Last week I posted some Lou Reed concert footage from 1974’s Rock N Roll Animal tour and now here is some more.

First up, a nice long bash at “Heroin” complete with the infamous tied-off arm/syringe/shooting up bit. Cute. It’s easy to see why a Velvets freak like Lester Bangs would have been disgusted with his idol at this point. Talk about jumping the shark! What was the guy thinking? Nevertheless, naturally the heavily ‘luded out mid-70s audience squeals with delight as Uncle Lou pretends to jack up. Tacky then, tacky now, especially considering it was Hep C that basically killed the guy.
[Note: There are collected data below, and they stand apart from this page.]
section \<open>A smooth cutoff function\<close>

definition expinv_poly :: "real poly \<Rightarrow> real \<Rightarrow> real" where
  "expinv_poly p x = (if 0 < x then poly p (inverse x) * exp (- inverse x) else 0)"

text \<open>The derivative of \<open>p(1/x) exp(-1/x)\<close> is \<open>q(1/x) exp(-1/x)\<close> with \<open>q(y) = y\<^sup>2 (p(y) - p'(y))\<close>.\<close>
definition expinv_poly_deriv :: "real poly \<Rightarrow> real poly" where
  "expinv_poly_deriv p = [:0, 0, 1:] * (p - pderiv p)"

lemma poly_times_exp_minus_tendsto_0: "((\<lambda>y::real. poly p y * exp (- y)) \<longlongrightarrow> 0) at_top"
proof -
  have "((\<lambda>y. \<Sum>i\<le>degree p. coeff p i * (y ^ i / exp y)) \<longlongrightarrow> (\<Sum>i\<le>degree p. coeff p i * 0)) at_top"
    by (intro tendsto_sum tendsto_mult tendsto_const tendsto_power_div_exp_0)
  moreover have "poly p y * exp (- y) = (\<Sum>i\<le>degree p. coeff p i * (y ^ i / exp y))" for y
    by (simp add: poly_altdef exp_minus divide_inverse sum_distrib_right mult.assoc)
  ultimately show ?thesis
    by simp
qed

lemma expinv_poly_tendsto_0: "(expinv_poly p \<longlongrightarrow> 0) (at 0)"
proof (rule filterlim_split_at)
  show "(expinv_poly p \<longlongrightarrow> 0) (at_left 0)"
    by (rule tendsto_eventually) (auto simp: expinv_poly_def eventually_at_left_field intro: exI[of _ "-1"])
  have "((\<lambda>x. poly p (inverse x) * exp (- inverse x)) \<longlongrightarrow> 0) (at_right 0)"
    using filterlim_compose[OF poly_times_exp_minus_tendsto_0 filterlim_inverse_at_top_right]
    by (simp add: o_def)
  then show "(expinv_poly p \<longlongrightarrow> 0) (at_right 0)"
    by (rule tendsto_cong[THEN iffD1, rotated])
       (auto simp: expinv_poly_def eventually_at_right_field intro: exI[of _ 1])
qed
(* Let $A\to M$ be a vector bundle of rank at least $n$. Let $\widehat{\xi}^1,\dots,\widehat{\xi}^n\in\Gamma(A^* )$ be linearly independent over $C^\infty(M)$ and let $\widehat{X}_1,\dots,\widehat{X}_n\in\Gamma(\mathrm{CDO}(A))$ be covariant differential operators with symbols $\widehat{x}_1,\dots,\widehat{x}_n\in\Gamma(TM)$. Define the anchor $a_A:A\to TM$, the operator $\nabla^A:\Gamma(A)\times\Gamma(A)\to\Gamma(A)$ and the bracket $[\cdot,\cdot]_A$ on $\Gamma(A)$ by $$a_A(y)=\sum_{i=1}^n\langle y,\widehat{\xi}^i\rangle\,\widehat{x}_i,\qquad \nabla^A_y z=\sum_{i=1}^n\langle y,\widehat{\xi}^i\rangle\,\widehat{X}_i(z),\qquad [y,z]_A=\nabla^A_yz-\nabla^A_zy,$$ for $y,z\in\Gamma(A)$. Suppose there are functions $a_{ik}^j\in C^\infty(M)$ ($1\le i,j,k\le n$) such that for all $i,j$ $$\widehat{X}_i(\widehat{\xi}^j)=\sum_{k=1}^n a_{ik}^j\,\widehat{\xi}^k,\qquad [\widehat{X}_i,\widehat{X}_j]=\sum_{k=1}^n\big(a_{ji}^k-a_{ij}^k\big)\widehat{X}_k .$$ Then $R^{\nabla^A}(x,y)z=0$ for all $x,y,z\in\Gamma(A)$, and $(A,[\cdot,\cdot]_A,a_A)$ is a Lie algebroid.
   Context: A covariant differential operator on $A$ is an $\mathbb{R}$-linear map $\widehat{X}:\Gamma(A)\to\Gamma(A)$ together with a vector field $\widehat{x}$ (its symbol) such that $\widehat{X}(fy)=f\widehat{X}(y)+\widehat{x}(f)\,y$ for all $f\in C^\infty(M)$, $y\in\Gamma(A)$. Such an operator acts on $\Gamma(A^* )$ by the dual action $\langle \widehat{X}(\xi),y\rangle=\widehat{x}\langle\xi,y\rangle-\langle\xi,\widehat{X}(y)\rangle$. The commutator $[\widehat{X},\widehat{Y}]=\widehat{X}\circ\widehat{Y}-\widehat{Y}\circ\widehat{X}$ of covariant differential operators is a covariant differential operator. For the operator $\nabla=\nabla^A$ the curvature is $R^{\nabla}(x,y)z=\nabla_x\nabla_yz-\nabla_y\nabla_xz-\nabla_{[x,y]_A}z$. A Lie algebroid $(A,[\cdot,\cdot]_A,a_A)$ is a vector bundle with a bundle map $a_A:A\to TM$ and an $\mathbb{R}$-bilinear skew-symmetric bracket on $\Gamma(A)$ satisfying $[x,fy]_A=f[x,y]_A+a_A(x)(f)\,y$ and the Jacobi identity. *)

theory Defs
  imports Complex_Main
begin

text \<open>Smooth functions C^\<infinity>(M) are a set C of real-valued
functions on the points of M (a unital subalgebra); sections of A are the
elements of a type 's (an additive group) with a C-module action sm;
vector fields are derivations of C; sections of the dual bundle are the
C-linear maps from sections of A to C.\<close>

definition smooth_algebra :: "('m \<Rightarrow> real) set \<Rightarrow> bool" where
  "smooth_algebra C \<longleftrightarrow>
     (\<forall>c. (\<lambda>_. c) \<in> C) \<and>
     (\<forall>f\<in>C. \<forall>g\<in>C. (\<lambda>m. f m + g m) \<in> C \<and> (\<lambda>m. f m * g m) \<in> C) \<and>
     (\<forall>f\<in>C. (\<lambda>m. - f m) \<in> C)"

definition section_module ::
  "('m \<Rightarrow> real) set \<Rightarrow> (('m \<Rightarrow> real) \<Rightarrow> 's::ab_group_add \<Rightarrow> 's) \<Rightarrow> bool" where
  "section_module C sm \<longleftrightarrow>
     (\<forall>f\<in>C. \<forall>y z. sm f (y + z) = sm f y + sm f z) \<and>
     (\<forall>f\<in>C. \<forall>g\<in>C. \<forall>y. sm (\<lambda>m. f m + g m) y = sm f y + sm g y) \<and>
     (\<forall>f\<in>C. \<forall>g\<in>C. \<forall>y. sm (\<lambda>m. f m * g m) y = sm f (sm g y)) \<and>
     (\<forall>y. sm (\<lambda>_. 1) y = y)"

definition vector_field ::
  "('m \<Rightarrow> real) set \<Rightarrow> (('m \<Rightarrow> real) \<Rightarrow> ('m \<Rightarrow> real)) \<Rightarrow> bool" where
  "vector_field C v \<longleftrightarrow>
     (\<forall>f\<in>C. v f \<in> C) \<and>
     (\<forall>f\<in>C. \<forall>g\<in>C. v (\<lambda>m. f m + g m) = (\<lambda>m. v f m + v g m)) \<and>
     (\<forall>c. \<forall>f\<in>C. v (\<lambda>m. c * f m) = (\<lambda>m. c * v f m)) \<and>
     (\<forall>f\<in>C. \<forall>g\<in>C. v (\<lambda>m. f m * g m) = (\<lambda>m. f m * v g m + g m * v f m))"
This was shot in Houston, Texas on November 13, 1974. It’s a bit wobbly, but it exists, you know? It exists.
 

 
“Sweet Jane,” “Vicious” and the beginning of “Heroin” on this clip (made from the original 1/2” B&W open reel mastertape, it says). Lou Reed obviously could not dance for shit:
 

 
Personally, I’m of the opinion that some of the best live Lou Reed recordings come from when “The Phantom of Rock” (as RCA was marketing him at the time) was being backed by a band called The Tots. This is the period around when Transformer first hit, “Walk On the Wild Side” was a massive smash and Reed had pretty much become a superstar in Europe. He had not yet fully gone over to the insectoid speedfreak dark side as seen above, but clearly he was working on it.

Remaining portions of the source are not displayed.